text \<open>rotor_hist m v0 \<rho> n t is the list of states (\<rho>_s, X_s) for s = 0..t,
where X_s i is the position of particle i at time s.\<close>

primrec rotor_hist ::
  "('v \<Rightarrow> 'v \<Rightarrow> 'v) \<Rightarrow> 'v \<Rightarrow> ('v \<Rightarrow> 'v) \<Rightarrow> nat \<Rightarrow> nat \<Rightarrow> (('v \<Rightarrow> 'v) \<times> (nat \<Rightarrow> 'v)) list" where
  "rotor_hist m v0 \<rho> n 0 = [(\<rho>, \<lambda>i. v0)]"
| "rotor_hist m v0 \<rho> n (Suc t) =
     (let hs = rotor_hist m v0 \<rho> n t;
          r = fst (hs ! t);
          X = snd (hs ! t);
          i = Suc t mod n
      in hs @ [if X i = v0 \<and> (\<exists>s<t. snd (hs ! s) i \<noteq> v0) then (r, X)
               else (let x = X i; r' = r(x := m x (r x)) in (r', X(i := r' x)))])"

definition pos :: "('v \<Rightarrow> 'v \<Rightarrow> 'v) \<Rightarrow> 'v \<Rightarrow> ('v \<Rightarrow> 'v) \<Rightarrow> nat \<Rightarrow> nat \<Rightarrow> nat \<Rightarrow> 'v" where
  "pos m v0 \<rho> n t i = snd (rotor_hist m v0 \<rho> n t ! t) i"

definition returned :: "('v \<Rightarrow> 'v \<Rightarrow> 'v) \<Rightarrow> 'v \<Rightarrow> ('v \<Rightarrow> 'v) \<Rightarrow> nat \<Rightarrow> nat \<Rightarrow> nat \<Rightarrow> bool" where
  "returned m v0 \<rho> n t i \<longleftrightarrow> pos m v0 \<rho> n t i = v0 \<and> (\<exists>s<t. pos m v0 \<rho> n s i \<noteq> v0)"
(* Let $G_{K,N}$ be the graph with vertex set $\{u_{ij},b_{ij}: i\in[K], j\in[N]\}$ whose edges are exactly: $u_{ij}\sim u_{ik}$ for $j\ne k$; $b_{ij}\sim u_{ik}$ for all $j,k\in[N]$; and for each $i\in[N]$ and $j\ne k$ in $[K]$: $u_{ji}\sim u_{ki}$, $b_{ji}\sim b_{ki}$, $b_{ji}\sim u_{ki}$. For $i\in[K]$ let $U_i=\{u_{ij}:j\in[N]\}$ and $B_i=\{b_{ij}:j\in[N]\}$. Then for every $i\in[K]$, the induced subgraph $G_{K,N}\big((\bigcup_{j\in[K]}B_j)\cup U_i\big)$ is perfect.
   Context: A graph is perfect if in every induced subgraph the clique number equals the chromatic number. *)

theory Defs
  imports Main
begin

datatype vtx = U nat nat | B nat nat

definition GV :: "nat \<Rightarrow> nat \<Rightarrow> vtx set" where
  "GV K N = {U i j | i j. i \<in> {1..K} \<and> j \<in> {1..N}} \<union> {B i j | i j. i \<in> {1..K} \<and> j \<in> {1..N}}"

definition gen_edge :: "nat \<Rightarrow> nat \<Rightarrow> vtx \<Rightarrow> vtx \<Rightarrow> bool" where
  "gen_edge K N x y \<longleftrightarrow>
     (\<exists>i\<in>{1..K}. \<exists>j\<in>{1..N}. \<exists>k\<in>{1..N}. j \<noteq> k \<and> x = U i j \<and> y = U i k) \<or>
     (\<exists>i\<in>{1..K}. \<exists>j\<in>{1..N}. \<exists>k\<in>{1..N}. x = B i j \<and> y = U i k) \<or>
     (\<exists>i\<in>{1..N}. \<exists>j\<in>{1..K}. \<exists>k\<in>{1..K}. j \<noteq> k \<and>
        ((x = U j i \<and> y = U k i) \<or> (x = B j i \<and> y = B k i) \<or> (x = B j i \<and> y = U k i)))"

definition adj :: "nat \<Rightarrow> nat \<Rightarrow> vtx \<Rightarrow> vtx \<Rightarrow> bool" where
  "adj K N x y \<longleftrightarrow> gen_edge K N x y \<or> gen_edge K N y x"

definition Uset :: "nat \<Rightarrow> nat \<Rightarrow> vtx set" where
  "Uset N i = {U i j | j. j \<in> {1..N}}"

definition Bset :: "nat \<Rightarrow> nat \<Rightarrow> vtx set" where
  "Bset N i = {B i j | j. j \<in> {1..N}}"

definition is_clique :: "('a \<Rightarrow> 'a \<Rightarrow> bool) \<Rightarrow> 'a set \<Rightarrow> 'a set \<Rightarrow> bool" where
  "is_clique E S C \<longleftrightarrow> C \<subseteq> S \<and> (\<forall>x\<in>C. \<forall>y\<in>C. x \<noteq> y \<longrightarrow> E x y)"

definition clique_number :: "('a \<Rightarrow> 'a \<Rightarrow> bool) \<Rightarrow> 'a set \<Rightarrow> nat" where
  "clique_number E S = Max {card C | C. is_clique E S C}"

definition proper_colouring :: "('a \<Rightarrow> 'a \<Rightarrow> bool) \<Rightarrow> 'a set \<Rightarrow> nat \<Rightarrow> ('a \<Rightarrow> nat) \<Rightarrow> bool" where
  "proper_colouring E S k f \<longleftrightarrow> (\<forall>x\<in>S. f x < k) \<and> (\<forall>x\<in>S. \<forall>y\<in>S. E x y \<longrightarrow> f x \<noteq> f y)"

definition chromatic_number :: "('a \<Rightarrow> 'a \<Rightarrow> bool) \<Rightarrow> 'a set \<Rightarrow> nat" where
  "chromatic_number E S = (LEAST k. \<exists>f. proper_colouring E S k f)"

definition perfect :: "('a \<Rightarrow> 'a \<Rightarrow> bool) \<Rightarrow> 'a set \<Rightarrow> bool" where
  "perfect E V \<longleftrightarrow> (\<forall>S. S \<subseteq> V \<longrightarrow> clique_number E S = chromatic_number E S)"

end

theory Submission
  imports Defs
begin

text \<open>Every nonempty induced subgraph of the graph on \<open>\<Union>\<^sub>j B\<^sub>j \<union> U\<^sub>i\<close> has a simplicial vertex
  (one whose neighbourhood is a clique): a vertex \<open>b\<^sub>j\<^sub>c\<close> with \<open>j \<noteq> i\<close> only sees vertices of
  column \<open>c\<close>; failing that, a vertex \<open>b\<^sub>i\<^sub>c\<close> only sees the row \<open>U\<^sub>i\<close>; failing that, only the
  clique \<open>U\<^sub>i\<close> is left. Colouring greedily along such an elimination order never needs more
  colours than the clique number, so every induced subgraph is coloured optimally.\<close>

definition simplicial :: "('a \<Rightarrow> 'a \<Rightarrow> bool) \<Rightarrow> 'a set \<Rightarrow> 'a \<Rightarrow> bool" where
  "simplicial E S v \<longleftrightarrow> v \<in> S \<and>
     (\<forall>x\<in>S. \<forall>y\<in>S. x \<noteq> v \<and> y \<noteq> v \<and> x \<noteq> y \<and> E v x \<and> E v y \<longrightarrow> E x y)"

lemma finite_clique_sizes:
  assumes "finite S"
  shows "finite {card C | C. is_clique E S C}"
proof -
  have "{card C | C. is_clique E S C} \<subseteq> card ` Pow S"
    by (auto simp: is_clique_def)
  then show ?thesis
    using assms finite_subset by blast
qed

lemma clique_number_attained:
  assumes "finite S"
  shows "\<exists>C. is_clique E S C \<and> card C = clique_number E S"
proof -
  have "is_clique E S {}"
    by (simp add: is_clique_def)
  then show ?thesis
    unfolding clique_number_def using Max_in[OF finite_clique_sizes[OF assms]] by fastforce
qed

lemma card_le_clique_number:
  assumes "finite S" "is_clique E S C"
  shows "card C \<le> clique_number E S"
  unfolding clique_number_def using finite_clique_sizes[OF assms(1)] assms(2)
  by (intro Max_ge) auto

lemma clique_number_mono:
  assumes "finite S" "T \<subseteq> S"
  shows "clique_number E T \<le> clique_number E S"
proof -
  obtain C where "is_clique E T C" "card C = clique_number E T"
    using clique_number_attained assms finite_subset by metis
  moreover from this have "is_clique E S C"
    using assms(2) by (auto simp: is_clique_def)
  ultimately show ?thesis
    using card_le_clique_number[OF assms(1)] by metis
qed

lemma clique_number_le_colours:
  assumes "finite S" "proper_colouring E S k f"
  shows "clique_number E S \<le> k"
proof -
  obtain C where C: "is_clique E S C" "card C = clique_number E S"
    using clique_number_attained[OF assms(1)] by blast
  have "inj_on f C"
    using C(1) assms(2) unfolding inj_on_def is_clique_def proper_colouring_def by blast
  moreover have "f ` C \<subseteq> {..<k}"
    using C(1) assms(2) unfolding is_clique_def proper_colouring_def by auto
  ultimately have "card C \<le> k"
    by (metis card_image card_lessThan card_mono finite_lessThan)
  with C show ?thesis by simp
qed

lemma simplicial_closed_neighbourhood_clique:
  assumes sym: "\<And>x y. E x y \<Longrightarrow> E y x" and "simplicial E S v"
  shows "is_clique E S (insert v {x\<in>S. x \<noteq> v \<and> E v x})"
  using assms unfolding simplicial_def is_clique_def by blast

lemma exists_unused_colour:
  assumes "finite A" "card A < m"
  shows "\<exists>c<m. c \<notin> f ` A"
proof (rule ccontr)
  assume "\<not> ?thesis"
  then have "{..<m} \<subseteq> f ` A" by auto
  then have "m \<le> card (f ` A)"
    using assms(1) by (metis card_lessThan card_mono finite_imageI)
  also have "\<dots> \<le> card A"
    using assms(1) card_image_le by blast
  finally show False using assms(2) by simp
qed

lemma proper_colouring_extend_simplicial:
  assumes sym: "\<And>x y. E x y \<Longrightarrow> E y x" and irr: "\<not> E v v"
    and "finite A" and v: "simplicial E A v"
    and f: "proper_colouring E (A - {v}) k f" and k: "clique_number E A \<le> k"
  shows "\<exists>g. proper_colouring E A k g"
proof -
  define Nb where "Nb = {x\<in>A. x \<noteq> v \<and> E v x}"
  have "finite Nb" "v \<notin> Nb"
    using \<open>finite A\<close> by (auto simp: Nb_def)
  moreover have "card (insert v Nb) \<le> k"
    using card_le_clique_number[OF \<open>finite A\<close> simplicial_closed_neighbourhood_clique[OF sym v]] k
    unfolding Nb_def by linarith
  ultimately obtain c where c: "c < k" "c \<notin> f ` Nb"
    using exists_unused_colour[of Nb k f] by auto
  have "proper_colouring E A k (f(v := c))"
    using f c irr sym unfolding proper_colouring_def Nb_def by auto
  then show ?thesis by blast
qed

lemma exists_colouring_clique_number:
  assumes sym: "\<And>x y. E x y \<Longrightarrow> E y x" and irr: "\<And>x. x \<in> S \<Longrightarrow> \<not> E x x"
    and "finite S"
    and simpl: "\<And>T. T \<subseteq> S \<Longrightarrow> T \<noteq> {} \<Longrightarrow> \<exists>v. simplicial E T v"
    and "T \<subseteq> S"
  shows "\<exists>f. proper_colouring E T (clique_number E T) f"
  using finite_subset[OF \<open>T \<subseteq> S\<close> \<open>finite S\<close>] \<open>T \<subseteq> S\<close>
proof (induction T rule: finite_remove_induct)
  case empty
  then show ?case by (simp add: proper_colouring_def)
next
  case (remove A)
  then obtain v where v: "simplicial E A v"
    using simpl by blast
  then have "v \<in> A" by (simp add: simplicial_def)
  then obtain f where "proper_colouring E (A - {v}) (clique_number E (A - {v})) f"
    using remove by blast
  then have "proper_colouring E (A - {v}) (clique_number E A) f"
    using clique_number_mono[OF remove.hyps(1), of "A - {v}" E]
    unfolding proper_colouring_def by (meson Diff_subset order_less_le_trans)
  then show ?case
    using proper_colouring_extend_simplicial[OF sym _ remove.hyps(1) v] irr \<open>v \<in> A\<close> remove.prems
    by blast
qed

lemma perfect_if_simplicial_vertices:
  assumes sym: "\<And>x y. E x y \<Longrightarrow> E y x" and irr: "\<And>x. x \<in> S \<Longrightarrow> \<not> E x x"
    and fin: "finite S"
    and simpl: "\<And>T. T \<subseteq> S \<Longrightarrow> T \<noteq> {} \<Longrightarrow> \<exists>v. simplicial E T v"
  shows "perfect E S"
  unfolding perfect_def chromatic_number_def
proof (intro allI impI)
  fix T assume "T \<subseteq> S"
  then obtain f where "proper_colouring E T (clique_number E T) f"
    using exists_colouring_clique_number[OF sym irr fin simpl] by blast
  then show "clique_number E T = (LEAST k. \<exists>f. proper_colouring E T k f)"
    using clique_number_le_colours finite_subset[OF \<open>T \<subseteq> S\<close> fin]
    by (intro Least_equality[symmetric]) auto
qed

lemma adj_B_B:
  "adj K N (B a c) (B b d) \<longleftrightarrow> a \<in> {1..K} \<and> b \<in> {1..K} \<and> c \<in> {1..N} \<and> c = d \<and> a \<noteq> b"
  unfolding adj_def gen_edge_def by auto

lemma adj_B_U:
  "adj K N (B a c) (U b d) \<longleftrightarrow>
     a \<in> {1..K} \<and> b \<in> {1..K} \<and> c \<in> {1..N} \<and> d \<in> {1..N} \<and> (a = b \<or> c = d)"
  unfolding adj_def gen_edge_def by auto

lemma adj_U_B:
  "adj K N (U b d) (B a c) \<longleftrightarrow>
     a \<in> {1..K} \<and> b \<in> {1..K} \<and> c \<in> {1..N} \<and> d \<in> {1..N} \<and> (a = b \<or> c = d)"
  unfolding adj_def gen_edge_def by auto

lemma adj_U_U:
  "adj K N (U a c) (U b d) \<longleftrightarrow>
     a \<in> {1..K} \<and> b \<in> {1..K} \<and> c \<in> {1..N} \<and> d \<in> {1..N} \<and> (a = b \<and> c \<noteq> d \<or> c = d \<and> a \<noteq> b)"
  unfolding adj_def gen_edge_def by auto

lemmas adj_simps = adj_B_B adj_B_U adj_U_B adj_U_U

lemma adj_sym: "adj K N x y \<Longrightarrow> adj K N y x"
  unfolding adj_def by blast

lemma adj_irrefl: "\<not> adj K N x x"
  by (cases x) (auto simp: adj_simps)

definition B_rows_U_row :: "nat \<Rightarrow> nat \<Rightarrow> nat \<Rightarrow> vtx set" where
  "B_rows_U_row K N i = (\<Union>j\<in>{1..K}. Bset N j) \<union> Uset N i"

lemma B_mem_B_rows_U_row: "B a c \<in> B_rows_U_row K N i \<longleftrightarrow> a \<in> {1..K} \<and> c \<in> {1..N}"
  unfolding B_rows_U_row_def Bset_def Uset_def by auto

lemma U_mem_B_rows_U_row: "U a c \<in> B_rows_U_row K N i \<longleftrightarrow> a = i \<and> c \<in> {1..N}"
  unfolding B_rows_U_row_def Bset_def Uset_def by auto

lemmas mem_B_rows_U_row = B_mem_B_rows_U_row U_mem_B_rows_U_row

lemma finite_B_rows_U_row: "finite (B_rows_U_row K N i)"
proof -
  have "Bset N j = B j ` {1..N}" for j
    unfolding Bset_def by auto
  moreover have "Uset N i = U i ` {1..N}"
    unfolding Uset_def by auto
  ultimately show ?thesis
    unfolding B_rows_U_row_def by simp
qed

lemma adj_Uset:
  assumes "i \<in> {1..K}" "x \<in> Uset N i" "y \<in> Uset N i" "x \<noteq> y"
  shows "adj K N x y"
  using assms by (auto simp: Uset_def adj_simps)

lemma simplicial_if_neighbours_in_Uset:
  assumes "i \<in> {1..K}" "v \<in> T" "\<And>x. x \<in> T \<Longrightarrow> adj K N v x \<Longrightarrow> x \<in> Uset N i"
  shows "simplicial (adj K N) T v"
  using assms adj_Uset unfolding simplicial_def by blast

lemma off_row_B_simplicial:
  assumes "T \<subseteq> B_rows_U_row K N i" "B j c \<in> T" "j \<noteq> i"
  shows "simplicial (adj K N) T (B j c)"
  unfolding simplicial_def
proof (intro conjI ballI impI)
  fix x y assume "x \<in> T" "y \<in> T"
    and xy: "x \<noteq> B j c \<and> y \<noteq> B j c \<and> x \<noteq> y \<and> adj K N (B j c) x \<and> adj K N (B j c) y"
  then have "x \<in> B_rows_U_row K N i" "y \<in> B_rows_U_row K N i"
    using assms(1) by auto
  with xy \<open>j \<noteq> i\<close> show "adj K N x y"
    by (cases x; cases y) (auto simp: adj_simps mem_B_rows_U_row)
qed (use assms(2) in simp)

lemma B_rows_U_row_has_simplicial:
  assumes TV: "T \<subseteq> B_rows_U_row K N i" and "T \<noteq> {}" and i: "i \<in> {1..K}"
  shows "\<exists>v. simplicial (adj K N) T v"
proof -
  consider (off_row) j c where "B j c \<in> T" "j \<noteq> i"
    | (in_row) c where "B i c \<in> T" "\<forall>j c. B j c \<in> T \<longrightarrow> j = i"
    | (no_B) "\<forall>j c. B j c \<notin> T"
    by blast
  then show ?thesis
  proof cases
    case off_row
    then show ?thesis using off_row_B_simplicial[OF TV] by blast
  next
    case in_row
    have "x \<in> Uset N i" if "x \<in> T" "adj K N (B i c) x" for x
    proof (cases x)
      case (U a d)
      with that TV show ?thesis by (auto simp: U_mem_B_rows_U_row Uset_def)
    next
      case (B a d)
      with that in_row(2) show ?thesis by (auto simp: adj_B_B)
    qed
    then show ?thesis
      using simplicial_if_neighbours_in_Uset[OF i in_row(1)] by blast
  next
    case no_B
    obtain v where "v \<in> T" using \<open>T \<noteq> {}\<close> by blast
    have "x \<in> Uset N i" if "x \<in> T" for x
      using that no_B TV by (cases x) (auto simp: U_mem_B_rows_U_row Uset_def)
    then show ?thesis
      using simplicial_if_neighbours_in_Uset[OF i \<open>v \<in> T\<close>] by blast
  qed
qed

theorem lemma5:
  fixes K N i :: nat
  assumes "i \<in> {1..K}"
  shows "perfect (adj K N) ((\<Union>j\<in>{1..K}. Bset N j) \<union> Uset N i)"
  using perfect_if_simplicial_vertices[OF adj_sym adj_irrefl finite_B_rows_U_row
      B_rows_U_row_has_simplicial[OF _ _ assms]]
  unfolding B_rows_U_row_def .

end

***

Scan the entries above and copy each line where "rule" occurs.

THE COMPLETED TASK:
proof (rule ccontr)
proof (induction T rule: finite_remove_induct)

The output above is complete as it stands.